::: Dataset extract

(* Let $W_n$ be the irreducible Coxeter group of type $\mathrm{A}_n$, $\mathrm{B}_n$ or $\mathrm{D}_n$ (each of the three families considered separately). Then the fourth centred moment $\mathbb{E}\big((T_{W_n}-\mathbb{E}(T_{W_n}))^4\big)$ is of order $n^2$, i.e. there are constants $0<c\le C$ such that $c n^2\le \mathbb{E}\big((T_{W_n}-\mathbb{E}(T_{W_n}))^4\big)\le Cn^2$ for all sufficiently large $n$.
   Context: For a finite Coxeter system $(W,S)$, $\operatorname{des}(w)=|\{s\in S: l_S(ws)<l_S(w)\}|$ where $l_S$ is word length, $t(w)=\operatorname{des}(w)+\operatorname{des}(w^{-1})$, and $T_W$ is the random variable $t(w)$ for $w$ uniform in $W$. $\mathrm{A}_n\cong \operatorname{Sym}(n+1)$, $\mathrm{B}_n$ is the hyperoctahedral group of signed permutations of rank $n$, $\mathrm{D}_n$ its index-two subgroup of signed permutations with an even number of negative entries, each with its standard Coxeter generators. *)

theory Defs
  imports Complex_Main
begin

text \<open>Elements of the Coxeter groups are realised concretely as bijections of int
  (permutations of {1..n+1} for type A; signed permutations of {-n..-1,1..n}
  fixing everything else for types B and D). The group product w s is the
  composition w o s.\<close>

datatype cox_family = TypeA | TypeB | TypeD

definition transp :: "int \<Rightarrow> int \<Rightarrow> int \<Rightarrow> int" where
  "transp a b = (\<lambda>x. if x = a then b else if x = b then a else x)"

definition signed_perms :: "nat \<Rightarrow> (int \<Rightarrow> int) set" where
  "signed_perms n = {w. bij w \<and> (\<forall>x. w (- x) = - w x)
       \<and> (\<forall>x. x \<notin> {- int n..int n} \<longrightarrow> w x = x)}"

definition coxW :: "cox_family \<Rightarrow> nat \<Rightarrow> (int \<Rightarrow> int) set" where
  "coxW F n = (case F of
      TypeA \<Rightarrow> {w. bij_betw w {1..int n + 1} {1..int n + 1}
                 \<and> (\<forall>x. x \<notin> {1..int n + 1} \<longrightarrow> w x = x)}
    | TypeB \<Rightarrow> signed_perms n
    | TypeD \<Rightarrow> {w \<in> signed_perms n. even (card {i \<in> {1..int n}. w i < 0})})"

definition coxS :: "cox_family \<Rightarrow> nat \<Rightarrow> (int \<Rightarrow> int) set" where
  "coxS F n = (case F of
      TypeA \<Rightarrow> {transp i (i + 1) | i. 1 \<le> i \<and> i \<le> int n}
    | TypeB \<Rightarrow> {transp 1 (-1)} \<union>
               {transp i (i + 1) \<circ> transp (-i) (-(i + 1)) | i. 1 \<le> i \<and> i \<le> int n - 1}
    | TypeD \<Rightarrow> {transp 1 (-2) \<circ> transp (-1) 2} \<union>
               {transp i (i + 1) \<circ> transp (-i) (-(i + 1)) | i. 1 \<le> i \<and> i \<le> int n - 1})"

definition word_length :: "('a \<Rightarrow> 'a) set \<Rightarrow> ('a \<Rightarrow> 'a) \<Rightarrow> nat" where
  "word_length S w = (LEAST k. \<exists>ws. set ws \<subseteq> S \<and> length ws = k \<and> foldr (\<circ>) ws id = w)"

definition des :: "('a \<Rightarrow> 'a) set \<Rightarrow> ('a \<Rightarrow> 'a) \<Rightarrow> nat" where
  "des S w = card {s \<in> S. word_length S (w \<circ> s) < word_length S w}"

definition tstat :: "('a \<Rightarrow> 'a) set \<Rightarrow> ('a \<Rightarrow> 'a) \<Rightarrow> nat" where
  "tstat S w = des S w + des S (inv w)"

definition T_mean :: "cox_family \<Rightarrow> nat \<Rightarrow> real" where
  "T_mean F n = (\<Sum>w\<in>coxW F n. real (tstat (coxS F n) w)) / real (card (coxW F n))"

definition T_moment4 :: "cox_family \<Rightarrow> nat \<Rightarrow> real" where
  "T_moment4 F n = (\<Sum>w\<in>coxW F n. (real (tstat (coxS F n) w) - T_mean F n) ^ 4)
                     / real (card (coxW F n))"

end

theory Submission
  imports Defs "HOL-Analysis.Convex"
begin
(* Write T = D + D', where D w counts the right descents of w and D' w = D (w\<inverse>).
   In each family the right descents of a (signed) permutation are read off its one-line
   notation, and an inversion count changes by \<plusminus>k under each generator according to that rule;
   hence it is k times the word length and des counts these descents.  Put Y\<^sub>i = [i is a descent] - 1/2.
   Right multiplication by s\<^sub>i negates Y\<^sub>i and fixes Y\<^sub>j whenever s\<^sub>j is far from s\<^sub>i, so
   E(Y\<^sub>i Y\<^sub>j Y\<^sub>k Y\<^sub>l) vanishes unless the four indices pair up into close pairs; this gives
   E((D - n/2)\<^sup>4) = O(n\<^sup>2), and D' has the same distribution as D.  For the lower bound let
   Z = \<Sum>\<^sub>i\<^sub>\<in>\<^sub>A Y\<^sub>i for a set A of about n/3 pairwise far indices.  Each E((T - n) Y\<^sub>i) is at least 1/12,
   because D' only decreases along a right descent and two given consecutive descents occur with
   probability 1/6, while E(Z\<^sup>2) = |A|/4.  Two applications of Cauchy-Schwarz then give
   E((T - n)\<^sup>4) \<ge> |A|\<^sup>2/1296. *)

section \<open>Word length\<close>

definition generated :: "('a \<Rightarrow> 'a) set \<Rightarrow> ('a \<Rightarrow> 'a) \<Rightarrow> bool" where
  "generated S x = (\<exists>ws. set ws \<subseteq> S \<and> foldr (\<circ>) ws id = x)"

lemma word_length_le:
  assumes "set ws \<subseteq> S" "foldr (\<circ>) ws id = x"
  shows "word_length S x \<le> length ws"
  unfolding word_length_def by (rule Least_le) (use assms in blast)

lemma shortest_word_exists:
  assumes "generated S x"
  shows "\<exists>ws. set ws \<subseteq> S \<and> length ws = word_length S x \<and> foldr (\<circ>) ws id = x"
proof -
  from assms obtain ws where "set ws \<subseteq> S" "foldr (\<circ>) ws id = x" unfolding generated_def by blast
  hence "\<exists>k ws. set ws \<subseteq> S \<and> length ws = k \<and> foldr (\<circ>) ws id = x" by blast
  from LeastI_ex[OF this] show ?thesis unfolding word_length_def .
qed

lemma word_length_comp_left_le:
  assumes "generated S x" "t \<in> S"
  shows "word_length S (t \<circ> x) \<le> word_length S x + 1"
proof -
  obtain ws where w: "set ws \<subseteq> S" "length ws = word_length S x" "foldr (\<circ>) ws id = x"
    using shortest_word_exists[OF assms(1)] by blast
  have "word_length S (t \<circ> x) \<le> length (t # ws)"
    by (rule word_length_le) (use w assms in auto)
  thus ?thesis using w by simp
qed

lemma generated_comp_left: "generated S x \<Longrightarrow> t \<in> S \<Longrightarrow> generated S (t \<circ> x)"
  unfolding generated_def by (metis foldr_Cons insert_subset list.simps(15) o_apply)

lemma foldr_comp_id: "foldr (\<circ>) ws f = foldr (\<circ>) ws id \<circ> f"
  by (induction ws) (auto simp: comp_assoc)

lemma generated_comp_right: "generated S x \<Longrightarrow> t \<in> S \<Longrightarrow> generated S (x \<circ> t)"
proof -
  assume "generated S x" "t \<in> S"
  then obtain ws where "set ws \<subseteq> S" "foldr (\<circ>) ws id = x" unfolding generated_def by blast
  then have "set (ws @ [t]) \<subseteq> S" "foldr (\<circ>) (ws @ [t]) id = x \<circ> t"
    using \<open>t \<in> S\<close> foldr_comp_id[of ws t] by (auto simp: foldr_append)
  then show ?thesis unfolding generated_def by blast
qed

locale involutive_generators =
  fixes S :: "('a \<Rightarrow> 'a) set"
  assumes gen_invol: "\<And>s. s \<in> S \<Longrightarrow> s \<circ> s = id"
begin

lemma bij_gen: "s \<in> S \<Longrightarrow> bij s"
  using gen_invol by (metis bij_betw_def comp_eq_id_dest inj_on_inverseI o_bij)

lemma inv_gen: "s \<in> S \<Longrightarrow> inv s = s"
  using gen_invol by (metis inv_unique_comp)

lemma bij_foldr_word: "set ws \<subseteq> S \<Longrightarrow> bij (foldr (\<circ>) ws id)"
  by (induction ws) (auto intro: bij_comp bij_gen)

lemma foldr_rev_word: "set ws \<subseteq> S \<Longrightarrow> foldr (\<circ>) (rev ws) id = inv (foldr (\<circ>) ws id)"
proof (induction ws)
  case Nil thus ?case by simp
next
  case (Cons a ws)
  have e0: "inv (a \<circ> foldr (\<circ>) ws id) = inv (foldr (\<circ>) ws id) \<circ> inv a"
    using Cons.prems by (intro o_inv_distrib bij_gen bij_foldr_word) auto
  have e1: "foldr (\<circ>) (rev (a # ws)) id = foldr (\<circ>) (rev ws) id \<circ> a"
    using foldr_comp_id[of "rev ws" a] by (simp add: foldr_append)
  have e2: "foldr (\<circ>) (a # ws) id = a \<circ> foldr (\<circ>) ws id" by simp
  show ?case unfolding e1 e2 e0 using Cons inv_gen[of a] by (simp only: list.set insert_subset)
qed

lemma bij_if_generated: "generated S x \<Longrightarrow> bij x"
  unfolding generated_def using bij_foldr_word by blast

lemma generated_inv: "generated S x \<Longrightarrow> generated S (inv x)"
  unfolding generated_def using foldr_rev_word by (metis set_rev)

lemma word_length_inv_le: "generated S x \<Longrightarrow> word_length S (inv x) \<le> word_length S x"
  using shortest_word_exists[of S x] foldr_rev_word word_length_le by (metis length_rev set_rev)

lemma word_length_inv: "generated S x \<Longrightarrow> word_length S (inv x) = word_length S x"
  using word_length_inv_le[of x] word_length_inv_le[of "inv x"] generated_inv[of x] bij_if_generated[of x]
  by (simp add: inv_inv_eq)

lemma des_inv_comp_descent_le:
  assumes gw: "generated S w" and t: "t \<in> S" and dt: "word_length S (w \<circ> t) < word_length S w"
    and finS: "finite S"
  shows "des S (inv (w \<circ> t)) \<le> des S (inv w)"
proof -
  let ?l = "word_length S"
  define u where "u = inv w"
  have gu: "generated S u" using generated_inv gw u_def by blast
  have bw: "bij w" using bij_if_generated gw by blast
  have inv_wt: "inv (w \<circ> t) = t \<circ> u"
    using bw bij_gen[OF t] inv_gen[OF t] u_def by (simp add: o_inv_distrib)
  have ltu: "?l (t \<circ> u) < ?l u"
  proof -
    have "?l (t \<circ> u) = ?l (inv (w \<circ> t))" using inv_wt by simp
    also have "\<dots> = ?l (w \<circ> t)" using word_length_inv generated_comp_right gw t by blast
    also have "\<dots> < ?l w" by fact
    also have "\<dots> = ?l u" using word_length_inv gw u_def by simp
    finally show ?thesis .
  qed
  have "{s \<in> S. ?l (inv (w \<circ> t) \<circ> s) < ?l (inv (w \<circ> t))} \<subseteq> {s \<in> S. ?l (inv w \<circ> s) < ?l (inv w)}"
  proof safe
    fix s assume s: "s \<in> S" and h: "?l (inv (w \<circ> t) \<circ> s) < ?l (inv (w \<circ> t))"
    have h': "?l (t \<circ> u \<circ> s) < ?l (t \<circ> u)" using h inv_wt by (simp add: comp_assoc)
    have "u \<circ> s = t \<circ> (t \<circ> u \<circ> s)" using gen_invol[OF t] by (simp add: comp_assoc[symmetric])
    hence "?l (u \<circ> s) \<le> ?l (t \<circ> u \<circ> s) + 1"
      using word_length_comp_left_le[OF _ t, of "t \<circ> u \<circ> s"] generated_comp_left generated_comp_right gu s t by (metis comp_assoc)
    thus "?l (inv w \<circ> s) < ?l (inv w)" using h' ltu u_def by simp
  qed
  thus ?thesis unfolding des_def by (intro card_mono) (use finS in auto)
qed

end

section \<open>Lengths given by a descent rule\<close>

text \<open>\<open>M\<close> is an explicit length such as an inversion count and \<open>C i w\<close> a combinatorial
  criterion for \<open>g i\<close> being a right descent of \<open>w\<close>; the axioms force \<open>M = k * word_length\<close>.\<close>

locale length_function =
  fixes W :: "('a \<Rightarrow> 'a) set" and g :: "'i \<Rightarrow> ('a \<Rightarrow> 'a)" and I :: "'i set"
    and C :: "'i \<Rightarrow> ('a \<Rightarrow> 'a) \<Rightarrow> bool" and M :: "('a \<Rightarrow> 'a) \<Rightarrow> nat" and k :: nat
  assumes idW: "id \<in> W" and cl: "\<And>w i. w \<in> W \<Longrightarrow> i \<in> I \<Longrightarrow> w \<circ> g i \<in> W"
    and kpos: "k > 0" and M0: "M id = 0"
    and Mdown: "\<And>w i. w \<in> W \<Longrightarrow> i \<in> I \<Longrightarrow> C i w \<Longrightarrow> M (w \<circ> g i) + k = M w"
    and Mup: "\<And>w i. w \<in> W \<Longrightarrow> i \<in> I \<Longrightarrow> \<not> C i w \<Longrightarrow> M (w \<circ> g i) = M w + k"
    and exdes: "\<And>w. w \<in> W \<Longrightarrow> w \<noteq> id \<Longrightarrow> \<exists>i\<in>I. C i w"
    and ginv: "\<And>i. i \<in> I \<Longrightarrow> g i \<circ> g i = id"
    and ginj: "inj_on g I" and finI: "finite I"
begin

abbreviation "S \<equiv> g ` I"

sublocale involutive_generators S using ginv by unfold_locales auto

lemma word_length_bound:
  "set ws \<subseteq> S \<Longrightarrow> foldr (\<circ>) ws id \<in> W \<and> M (foldr (\<circ>) ws id) \<le> k * length ws"
proof (induction ws rule: rev_induct)
  case Nil
  have e: "foldr (\<circ>) [] (id::'a\<Rightarrow>'a) = id" by simp
  show ?case unfolding e using idW M0 by (metis le0)
next
  case (snoc s ws)
  then obtain i where i: "i \<in> I" "s = g i" by auto
  define x where "x = foldr (\<circ>) ws id"
  have "set ws \<subseteq> S" using snoc.prems by simp
  note x = snoc.IH[OF this, folded x_def, THEN conjunct1] snoc.IH[OF this, folded x_def, THEN conjunct2]
  have e: "foldr (\<circ>) (ws @ [s]) id = x \<circ> g i" using foldr_comp_id[of ws s] i unfolding x_def by (simp add: foldr_append)
  have "M (x \<circ> g i) \<le> M x + k"
  proof (cases "C i x")
    case True thus ?thesis using Mdown[OF x(1) i(1)] by linarith
  next
    case False thus ?thesis using Mup[OF x(1) i(1)] by linarith
  qed
  hence "M (x \<circ> g i) \<le> k * length (ws @ [s])" using x(2) by simp
  thus ?case unfolding e using cl[OF x(1) i(1)] by blast
qed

::::::

Required action - Within the listing above, give again exactly every line from the line with "(\<circ>) (rev (a" through the line with "gw by blast", both included, and no other line.

Answer below -
  have e1: "foldr (\<circ>) (rev (a # ws)) id = foldr (\<circ>) (rev ws) id \<circ> a"
    using foldr_comp_id[of "rev ws" a] by (simp add: foldr_append)
  have e2: "foldr (\<circ>) (a # ws) id = a \<circ> foldr (\<circ>) ws id" by simp
  show ?case unfolding e1 e2 e0 using Cons inv_gen[of a] by (simp only: list.set insert_subset)
qed

lemma bij_if_generated: "generated S x \<Longrightarrow> bij x"
  unfolding generated_def using bij_foldr_word by blast

lemma generated_inv: "generated S x \<Longrightarrow> generated S (inv x)"
  unfolding generated_def using foldr_rev_word by (metis set_rev)

lemma word_length_inv_le: "generated S x \<Longrightarrow> word_length S (inv x) \<le> word_length S x"
  using shortest_word_exists[of S x] foldr_rev_word word_length_le by (metis length_rev set_rev)

lemma word_length_inv: "generated S x \<Longrightarrow> word_length S (inv x) = word_length S x"
  using word_length_inv_le[of x] word_length_inv_le[of "inv x"] generated_inv[of x] bij_if_generated[of x]
  by (simp add: inv_inv_eq)

lemma des_inv_comp_descent_le:
  assumes gw: "generated S w" and t: "t \<in> S" and dt: "word_length S (w \<circ> t) < word_length S w"
    and finS: "finite S"
  shows "des S (inv (w \<circ> t)) \<le> des S (inv w)"
proof -
  let ?l = "word_length S"
  define u where "u = inv w"
  have gu: "generated S u" using generated_inv gw u_def by blast
  have bw: "bij w" using bij_if_generated gw by blast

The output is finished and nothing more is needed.